Like many northern cities, Madison offers a host of winter outdoor recreation opportunities. With our many natural bodies of water, outdoor ice-skating probably attracts the largest number of participants.

The pressure is always on to get the skating areas open as soon as possible… even when the weather is not cooperating. Because we have to deal with snow, the ice has to be thick enough to support snow plowing and snow blowing equipment before we can drive on it.

If we get on too early or discover a soft spot over a natural spring, we can have a piece of equipment and an operator go through the ice. Many safety practices are in place to prevent this from happening, but it is a risk that we always think about. A heavy snowfall before the ice is thick enough also places an insulating layer of snow over the ice and keeps it from freezing thicker, which adds to our challenges.

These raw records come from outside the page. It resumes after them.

lemma sum4_summation_by_parts_first:
  assumes "x1 + x2 \<le> N"
  shows "sum4 (Suc N) (\<lambda>i j k l. real i * (real N - real (i + j + k + l) + 1)
            * pochhammer (- A) (i + j - 1) * pochhammer (- B) (k + l)
            * trinomial_term x1 u1 u2 i k * trinomial_term x2 v1 v2 j l / pochhammer (- real N) (i + j + k + l))
       = - sum4 (Suc N) (\<lambda>i j k l. u1 * (real (i + k) - real x1) * krawtchouk_term N u1 v1 u2 v2 A B x1 x2 i j k l)"
    (is "sum4 _ ?F = _")
proof -
  have shifted: "?F (Suc i) j k l = - (u1 * (real (i + k) - real x1) * krawtchouk_term N u1 v1 u2 v2 A B x1 x2 i j k l)"
    for i j k l
  proof -
    let ?n = "i + j + k + l" and ?y = "(real (i + k) - real x1) * trinomial_term x1 u1 u2 i k * trinomial_term x2 v1 v2 j l"
    have "?F (Suc i) j k l = pochhammer (- A) (i + j) * pochhammer (- B) (k + l) * trinomial_term x2 v1 v2 j l
        * (real (Suc i) * trinomial_term x1 u1 u2 (Suc i) k) * (real N - real ?n) / pochhammer (- real N) (Suc ?n)"
      by (simp add: algebra_simps)
    also have "\<dots> = u1 * pochhammer (- A) (i + j) * pochhammer (- B) (k + l) * (?y * (real N - real ?n) / pochhammer (- real N) (Suc ?n))"
      unfolding trinomial_term_Suc_left by (simp add: ac_simps)
    also have "\<dots> = u1 * pochhammer (- A) (i + j) * pochhammer (- B) (k + l) * (- ?y / pochhammer (- real N) ?n)"
      using divide_pochhammer_neg_nat_Suc trinomial_term_boundary[OF assms] by presburger
    also have "\<dots> = - (u1 * (real (i + k) - real x1) * krawtchouk_term N u1 v1 u2 v2 A B x1 x2 i j k l)"
      by (simp add: krawtchouk_term_def)
    finally show ?thesis .
  qed
  have "sum4 (Suc N) ?F = sum4 (Suc N) (\<lambda>i. ?F (Suc i))"
    by (rule sum4_shift_first) (use assms in \<open>simp_all add: trinomial_term_eq_0\<close>)
  also have "\<dots> = - sum4 (Suc N) (\<lambda>i j k l. u1 * (real (i + k) - real x1) * krawtchouk_term N u1 v1 u2 v2 A B x1 x2 i j k l)"
    unfolding shifted sum4_neg ..
  finally show ?thesis .
qed

lemma sum4_summation_by_parts_first_third:
  assumes "x1 \<le> N" "u2 \<noteq> 0"
  shows "sum4 (Suc N) (\<lambda>i j k l. real i * pochhammer (- A) (i + j - 1) * pochhammer (- B) (Suc (k + l))
            * trinomial_term x1 u1 u2 i k * trinomial_term x2 v1 v2 j l / pochhammer (- real N) (i + j + k + l))
       = sum4 (Suc N) (\<lambda>i j k l. u1 / u2 * real k * krawtchouk_term N u1 v1 u2 v2 A B x1 x2 i j k l)"
    (is "sum4 _ ?F = sum4 _ ?G")
proof -
  have shifted: "?F (Suc i) j k l = ?G i j (Suc k) l" for i j k l
  proof -
    have "?F (Suc i) j k l = pochhammer (- A) (i + j) * pochhammer (- B) (Suc (k + l)) * trinomial_term x2 v1 v2 j l
        * (real (Suc i) * trinomial_term x1 u1 u2 (Suc i) k) / pochhammer (- real N) (i + j + Suc k + l)"
      by (simp add: algebra_simps)
    also have "\<dots> = ?G i j (Suc k) l"
      unfolding trinomial_term_Suc_left_right[OF assms(2)] by (simp add: krawtchouk_term_def ac_simps)
    finally show ?thesis .
  qed
  have "sum4 (Suc N) ?F = sum4 (Suc N) (\<lambda>i. ?F (Suc i))"
    by (rule sum4_shift_first) (use assms in \<open>simp_all add: trinomial_term_eq_0\<close>)
  also have "\<dots> = sum4 (Suc N) ?G"
    unfolding shifted
    by (rule sum4_shift_third[symmetric]) (use assms in \<open>simp_all add: krawtchouk_term_def trinomial_term_eq_0\<close>)
  finally show ?thesis .
qed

We take many measurements of the thickness of the ice. This is done by drilling a lot of small holes through the ice and measuring the thickness.

We keep track of how the rink is freezing. The same body of water may have four inches of ice in one area and only one or two inches of ice in an adjoining area. This is due to springs and water currents under the ice.

Thickness is not the only measurement, however. Dark gray ice is usually much stronger than the same thickness of milky white ice, which is more common in the late part of the season. Even after the rinks are open for the season, we re-check ice thickness whenever we have a change in weather conditions.

We never assign a person to be working on the ice alone. Our standard practice is always to have another person available in case of an emergency such as a simple fall or major situation such as a vehicle going through the ice. Falls are common even with safety equipment attached to boots, but going through the ice is fortunately not very common.

Many of our skating areas are designed over shallow water. Simple rescue equipment is available at every location with deep water, and telephone or radio contact is available at every location.

We will go on the ice with small equipment with four good inches of ice. We need at least six inches of good ice before pick-up truck sized equipment is allowed on the ice.

Whenever possible, we like to have the doors off the equipment on the ice or, at a minimum, all the windows open on the ice equipment. Some equipment is designed with an escape route through the roof.

Because ice-skating draws such large crowds, separate areas have to be maintained for recreational skating, hockey and speed skating. These user conflicts are similar to those all of us encounter in any shared area.

Because of the heavy use and the lack of true programming, we have taken the course of action that separates the three major user groups by space.

Special areas are provided for hockey (with boards) away from the areas designated for family use. The speed skating area is separate from the general skating areas. All areas are lighted for evening use.

Madison is fortunate in being able to provide rental ice skates at many locations for those people who have not invested in skates or for the many school or civic groups that plan outings at our parks.

Cross-country skiing is also very popular here. We have had two winters with less than normal snow fall, so when any snow is on the ground, we see lots of people.

User fees are required at two of our prime areas. These areas receive the greatest amount of trail grooming attention. Our crews maintain over 33 kilometers of cross county ski trails of which 5k are lighted.

There are two distinct user groups for XC skiing and our maintenance program has to accommodate both of them, so we are fortunate that our city is able to offer lighted trails at Elver Park.